(* Let $\Phi$ be an irreducible reduced root system with basis $\Delta$, Weyl group $W$ with length function $l$, highest root $\tilde\alpha$. For every positive long root $\alpha$, $$l(x_\alpha)=\frac{l(s_{\tilde\alpha})-l(s_\alpha)}{2}=\mathrm{ht}^\vee(\tilde\alpha)-\mathrm{ht}^\vee(\alpha),\qquad l(x_{-\alpha})=\frac{l(s_{\tilde\alpha})+l(s_\alpha)}{2}=\mathrm{ht}^\vee(\tilde\alpha)+\mathrm{ht}^\vee(\alpha)-1.$$
   Context: Fix a $W$-invariant scalar product with minimal squared root length $1$ and maximal squared root length $r$; long roots have squared length $r$; $\Delta_{\mathrm{lg}},\Delta_{\mathrm{sh}}$ are the long and short simple roots. For a long root $\gamma=\sum_{\beta\in\Delta}n_\beta\beta$, $\mathrm{ht}^\vee(\gamma)=\sum_{\beta\in\Delta_{\mathrm{lg}}}n_\beta+\frac1r\sum_{\beta\in\Delta_{\mathrm{sh}}}n_\beta$. $\tilde I=\{\beta\in\Delta:(\tilde\alpha|\beta)=0\}$, $X_{\tilde I}=\{w\in W:w(\Phi^+_{\tilde I})\subset\Phi^+\}$ where $\Phi_{\tilde I}^+$ are the positive roots in the span of $\tilde I$; for a long root $\beta$, $x_\beta$ is the unique element of $X_{\tilde I}$ with $x_\beta(\tilde\alpha)=\beta$. *)

theory Defs
  imports "HOL-Analysis.Analysis"
begin

definition root_refl :: "'a::real_inner \<Rightarrow> 'a \<Rightarrow> 'a" where
  "root_refl \<alpha> v = v - (2 * (v \<bullet> \<alpha>) / (\<alpha> \<bullet> \<alpha>)) *\<^sub>R \<alpha>"

definition root_system :: "'a::euclidean_space set \<Rightarrow> bool" where
  "root_system \<Phi> \<longleftrightarrow> finite \<Phi> \<and> 0 \<notin> \<Phi> \<and> span \<Phi> = UNIV \<and>
     (\<forall>\<alpha>\<in>\<Phi>. root_refl \<alpha> ` \<Phi> = \<Phi>) \<and>
     (\<forall>\<alpha>\<in>\<Phi>. \<forall>\<beta>\<in>\<Phi>. 2 * (\<beta> \<bullet> \<alpha>) / (\<alpha> \<bullet> \<alpha>) \<in> \<int>)"

definition reduced_rs :: "'a::real_inner set \<Rightarrow> bool" where
  "reduced_rs \<Phi> \<longleftrightarrow> (\<forall>\<alpha>\<in>\<Phi>. \<forall>c::real. c *\<^sub>R \<alpha> \<in> \<Phi> \<longrightarrow> c = 1 \<or> c = -1)"

definition irreducible_rs :: "'a::real_inner set \<Rightarrow> bool" where
  "irreducible_rs \<Phi> \<longleftrightarrow> \<Phi> \<noteq> {} \<and>
     (\<forall>A B. A \<union> B = \<Phi> \<and> (\<forall>a\<in>A. \<forall>b\<in>B. a \<bullet> b = 0) \<longrightarrow> A = {} \<or> B = {})"

inductive_set weyl_group :: "'a::real_inner set \<Rightarrow> ('a \<Rightarrow> 'a) set" for \<Phi> where
  wg_id: "id \<in> weyl_group \<Phi>"
| wg_step: "\<alpha> \<in> \<Phi> \<Longrightarrow> w \<in> weyl_group \<Phi> \<Longrightarrow> root_refl \<alpha> \<circ> w \<in> weyl_group \<Phi>"

definition nonneg_comb :: "'a::real_vector set \<Rightarrow> 'a \<Rightarrow> bool" where
  "nonneg_comb \<Delta> v \<longleftrightarrow> (\<exists>c::'a \<Rightarrow> nat. v = (\<Sum>\<delta>\<in>\<Delta>. real (c \<delta>) *\<^sub>R \<delta>))"

definition pos_roots :: "'a::real_vector set \<Rightarrow> 'a set \<Rightarrow> 'a set" where
  "pos_roots \<Phi> \<Delta> = {\<beta>\<in>\<Phi>. nonneg_comb \<Delta> \<beta>}"

definition is_base :: "'a::real_vector set \<Rightarrow> 'a set \<Rightarrow> bool" where
  "is_base \<Phi> \<Delta> \<longleftrightarrow> \<Delta> \<subseteq> \<Phi> \<and> independent \<Delta> \<and>
     (\<forall>\<beta>\<in>\<Phi>. nonneg_comb \<Delta> \<beta> \<or> nonneg_comb \<Delta> (- \<beta>))"

definition highest_root :: "'a::real_vector set \<Rightarrow> 'a set \<Rightarrow> 'a \<Rightarrow> bool" where
  "highest_root \<Phi> \<Delta> a \<longleftrightarrow> a \<in> \<Phi> \<and> (\<forall>\<beta>\<in>\<Phi>. nonneg_comb \<Delta> (a - \<beta>))"

definition base_coeff :: "'a::real_vector set \<Rightarrow> 'a \<Rightarrow> 'a \<Rightarrow> real" where
  "base_coeff \<Delta> \<gamma> = (THE c. (\<forall>\<delta>. \<delta> \<notin> \<Delta> \<longrightarrow> c \<delta> = 0) \<and> \<gamma> = (\<Sum>\<delta>\<in>\<Delta>. c \<delta> *\<^sub>R \<delta>))"

definition max_sq :: "'a::real_inner set \<Rightarrow> real" where
  "max_sq \<Phi> = Max ((\<lambda>\<beta>. \<beta> \<bullet> \<beta>) ` \<Phi>)"

definition min_sq :: "'a::real_inner set \<Rightarrow> real" where
  "min_sq \<Phi> = Min ((\<lambda>\<beta>. \<beta> \<bullet> \<beta>) ` \<Phi>)"

text \<open>Ratio r of squared lengths of long to short roots (= maximal squared
  root length when the minimal one is normalized to 1).\<close>
definition length_ratio :: "'a::real_inner set \<Rightarrow> real" where
  "length_ratio \<Phi> = max_sq \<Phi> / min_sq \<Phi>"

definition long_root :: "'a::real_inner set \<Rightarrow> 'a \<Rightarrow> bool" where
  "long_root \<Phi> \<beta> \<longleftrightarrow> \<beta> \<in> \<Phi> \<and> \<beta> \<bullet> \<beta> = max_sq \<Phi>"

definition long_simple :: "'a::real_inner set \<Rightarrow> 'a set \<Rightarrow> 'a set" where
  "long_simple \<Phi> \<Delta> = {\<delta>\<in>\<Delta>. long_root \<Phi> \<delta>}"

definition short_simple :: "'a::real_inner set \<Rightarrow> 'a set \<Rightarrow> 'a set" where
  "short_simple \<Phi> \<Delta> = \<Delta> - long_simple \<Phi> \<Delta>"

definition htv :: "'a::real_inner set \<Rightarrow> 'a set \<Rightarrow> 'a \<Rightarrow> real" where
  "htv \<Phi> \<Delta> \<gamma> = (\<Sum>\<delta>\<in>long_simple \<Phi> \<Delta>. base_coeff \<Delta> \<gamma> \<delta>)
     + (1 / length_ratio \<Phi>) * (\<Sum>\<delta>\<in>short_simple \<Phi> \<Delta>. base_coeff \<Delta> \<gamma> \<delta>)"

definition simple_word :: "'a::real_inner list \<Rightarrow> 'a \<Rightarrow> 'a" where
  "simple_word ds = foldr (\<lambda>\<delta> f. root_refl \<delta> \<circ> f) ds id"

definition weyl_length :: "'a::real_inner set \<Rightarrow> ('a \<Rightarrow> 'a) \<Rightarrow> nat" where
  "weyl_length \<Delta> w = (LEAST k. \<exists>ds. length ds = k \<and> set ds \<subseteq> \<Delta> \<and> simple_word ds = w)"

→ **EXERCISE OBJECTIVE**
Print the lines above, unchanged, from the start of the records to the line with "Context: Fix a", including that final line.

→ **RESPONSE**
(* Let $\Phi$ be an irreducible reduced root system with basis $\Delta$, Weyl group $W$ with length function $l$, highest root $\tilde\alpha$. For every positive long root $\alpha$, $$l(x_\alpha)=\frac{l(s_{\tilde\alpha})-l(s_\alpha)}{2}=\mathrm{ht}^\vee(\tilde\alpha)-\mathrm{ht}^\vee(\alpha),\qquad l(x_{-\alpha})=\frac{l(s_{\tilde\alpha})+l(s_\alpha)}{2}=\mathrm{ht}^\vee(\tilde\alpha)+\mathrm{ht}^\vee(\alpha)-1.$$
   Context: Fix a $W$-invariant scalar product with minimal squared root length $1$ and maximal squared root length $r$; long roots have squared length $r$; $\Delta_{\mathrm{lg}},\Delta_{\mathrm{sh}}$ are the long and short simple roots. For a long root $\gamma=\sum_{\beta\in\Delta}n_\beta\beta$, $\mathrm{ht}^\vee(\gamma)=\sum_{\beta\in\Delta_{\mathrm{lg}}}n_\beta+\frac1r\sum_{\beta\in\Delta_{\mathrm{sh}}}n_\beta$. $\tilde I=\{\beta\in\Delta:(\tilde\alpha|\beta)=0\}$, $X_{\tilde I}=\{w\in W:w(\Phi^+_{\tilde I})\subset\Phi^+\}$ where $\Phi_{\tilde I}^+$ are the positive roots in the span of $\tilde I$; for a long root $\beta$, $x_\beta$ is the unique element of $X_{\tilde I}$ with $x_\beta(\tilde\alpha)=\beta$. *)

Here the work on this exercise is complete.